View Single Post
Old 09-04-2012, 08:29 PM
  # 1 (permalink)  
blls2x
Member
 
Join Date: Sep 2012
Location: Philadelphia, PA
Posts: 2
Still figuring things out

Hello everyone. This is my first post. A little background on me and why I am here.

I am 24 years old. My 25th birthday will be next month. Since I was 18 I drank "socially" but drank a lot. Nothing you wouldn't expect from an 18 year old. I had friends who were 21 so it was easily accessible and a near daily activity. Still I don't think this is out of the norm for a teenager who is just getting experience with alcohol. I'll skip all the boring details...

After my 21st birthday up until about a year ago, it was a daily routine to have a few beers or glasses of wine each night after work. Nothing to excessive not really causing me to pass out. I went out and got drunk with friends and actually blacked out once in a while. I did not have (at least dont think I had) a problem. Then May of last year I starting developing Gastrointestinal problems as a result of my excessive drinking and was told that there was signs of fatty tissue on my liver. I absolutely denied that it was a result of drinking (and still kind of do) but more than likely that is what it was. I actually did quit drinking to get better. From about May to September I completely abstained and I don't even remember it being that hard to quit. Then September happened, I moved out alone in a party city and here I am now.
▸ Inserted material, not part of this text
(* Let $D$ be a reduced knot diagram, let $2\le k\le\infty$, and let $\boldsymbol\ell$ be a null pattern of the game matrix $M$ of some version of the $k$-color region select game on $D$. Let $s=\sigma_{\boldsymbol\ell}(e)$ for some edge $e$ of $D$. Fix a checkerboard shading of $D$, and let $r_1,r_2$ be two regions that are both shaded or both unshaded. Then there is an integer $i$ with $|2i|\le d(r_1,r_2)$ such that $\boldsymbol\ell(r_1)=\boldsymbol\ell(r_2)+2is$ in $\mathbb{Z}_k$.
   Context: Diagrams: a link (knot) diagram $D$ is the underlying graph of a regular projection of a link (knot) into $S^2$. Its vertices are the crossings, each of valence 4, and over/under information is ignored. Components without crossings are closed loops, each regarded as one edge with no vertices. Regions of $D$ are the connected components of $S^2\setminus D$. A vertex or edge is incident to a region if it lies in the boundary of that region. Two regions are adjacent if they are incident to a common edge. A vertex $v$ is reducible if some circle in $S^2$ meets $D$ transversely only at $v$, and irreducible otherwise. An irreducible vertex is incident to four distinct regions. A reducible vertex $v$ is incident to exactly three regions $r_0,r_1,r_2$, where $r_0$ touches $v$ from two sides and $r_1,r_2$ touch it from one side. A knot diagram with $n$ vertices has $n+2$ regions. A knot diagram is reduced if all its vertices are irreducible. Ring: for an integer $k\ge2$ let $\mathbb{Z}_k=\mathbb{Z}/k\mathbb{Z}$, and for $k=\infty$ let $\mathbb{Z}_\infty=\mathbb{Z}$. Game versions: a version of the $k$-color region select game on $D$ is a choice of an increment number $a(v,r)\in\mathbb{Z}_k$ for every incident vertex–region pair, subject to the following rules. - If $k<\infty$ and $v$ is irreducible, then $a(v,r)=a_v$ is the same for all regions $r$ incident to $v$, and $a_v$ is not a zero divisor of $\mathbb{Z}_k$. - If $k<\infty$ and $v$ is reducible, then $a(v,r_0)$ is arbitrary, while $a(v,r_1)$ and $a(v,r_2)$ are not zero divisors. - If $k=\infty$, then $a(v,r)=1$, except that $a(v,r_0)\in\mathbb{Z}$ is arbitrary when $v$ is reducible. - The original game is the version in which all increment numbers equal $1$. Game matrix: enumerate the vertices as $v_1,\dots,v_n$ and the regions as $r_1,\dots,r_m$. The game matrix is the $n\times m$ matrix $M$ over $\mathbb{Z}_k$ with $M_{ij}=a(v_i,r_j)$ if $v_i$ is incident to $r_j$, and $M_{ij}=0$ otherwise. Patterns and configurations: a push pattern is a vector $\mathbf p\in\mathbb{Z}_k^m$, and $\mathbf p(r_j)=p_j$ is the number of times $r_j$ is pushed. A region $r$ is not pushed in $\mathbf p$ if $\mathbf p(r)=0$. A color configuration is a vector $\mathbf c\in\mathbb{Z}_k^n$. Applying $\mathbf p$ to $\mathbf c$ yields $\mathbf c+M\mathbf p$. The configuration $\mathbf c$ is solvable if some $\mathbf p$ satisfies $M\mathbf p=-\mathbf c$; such a $\mathbf p$ is a solving pattern for $\mathbf c$. $D$ is always solvable in the version if every $\mathbf c\in\mathbb{Z}_k^n$ is solvable. A null pattern is an element of $Ker_k(M)=\{\mathbf p\in\mathbb{Z}_k^m: M\mathbf p=0\}$. Push number: for a push pattern $\mathbf p$ and an edge $e$ incident to regions $r,r'$, the push number of $e$ is $\sigma_{\mathbf p}(e)=\mathbf p(r)+\mathbf p(r')\in\mathbb{Z}_k$. Checkerboard shading: a checkerboard shading of $D$ is a shading of some of its regions such that, of any two adjacent regions, exactly one is shaded. Distance: the dual graph of $D$ has one vertex per region, with an edge between the vertices of each pair of adjacent regions. The distance $d(r_1,r_2)$ is the graph distance between the corresponding vertices of the dual graph. *)

theory Defs
  imports Main "HOL-Library.Extended_Nat" "HOL-Number_Theory.Cong"
begin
I have drank every day for the past year. I got a nice buzz on but have noticed that just a nice buzz is about 6-8 beers, which for most people is "drunk." Then most recently I started sleepwalking and urinating in areas that are not meant to be urinated on, having sleep disturbances (thrashing & screaming), and just in general really crappy sleep. I would hate the person that I was drunk... OVERLY social.. i.e. walking down to a neighbors party (that I don't know) when I was home alone to see if they would invite me in. And recently every time I would drink "socially" I would black out and wake up in a panic of what happened.

I think I want to be sober, though I really do feel like I'm still trying to figure the extent of my problem out. I have challenged myself in the past to just not drink during the week but fail every time. Honestly I am not sure that I will even make it this week. Theres a bottle downstairs in the fridge of wine and I can taste it, I want it so bad. That's actually why I signed up here; to take my mind off of it. I know that I can really go have just ONE glass and be fine but I think that if I'm ever going to drink again, I need to lay off for a significant amount of time to build up a reasonable tolerance. I have not drank since Saturday night and am now having a hard time. I'm sure that I'll get thru but just want a support system.

Typing this helped Sorry I'm a very wordy person!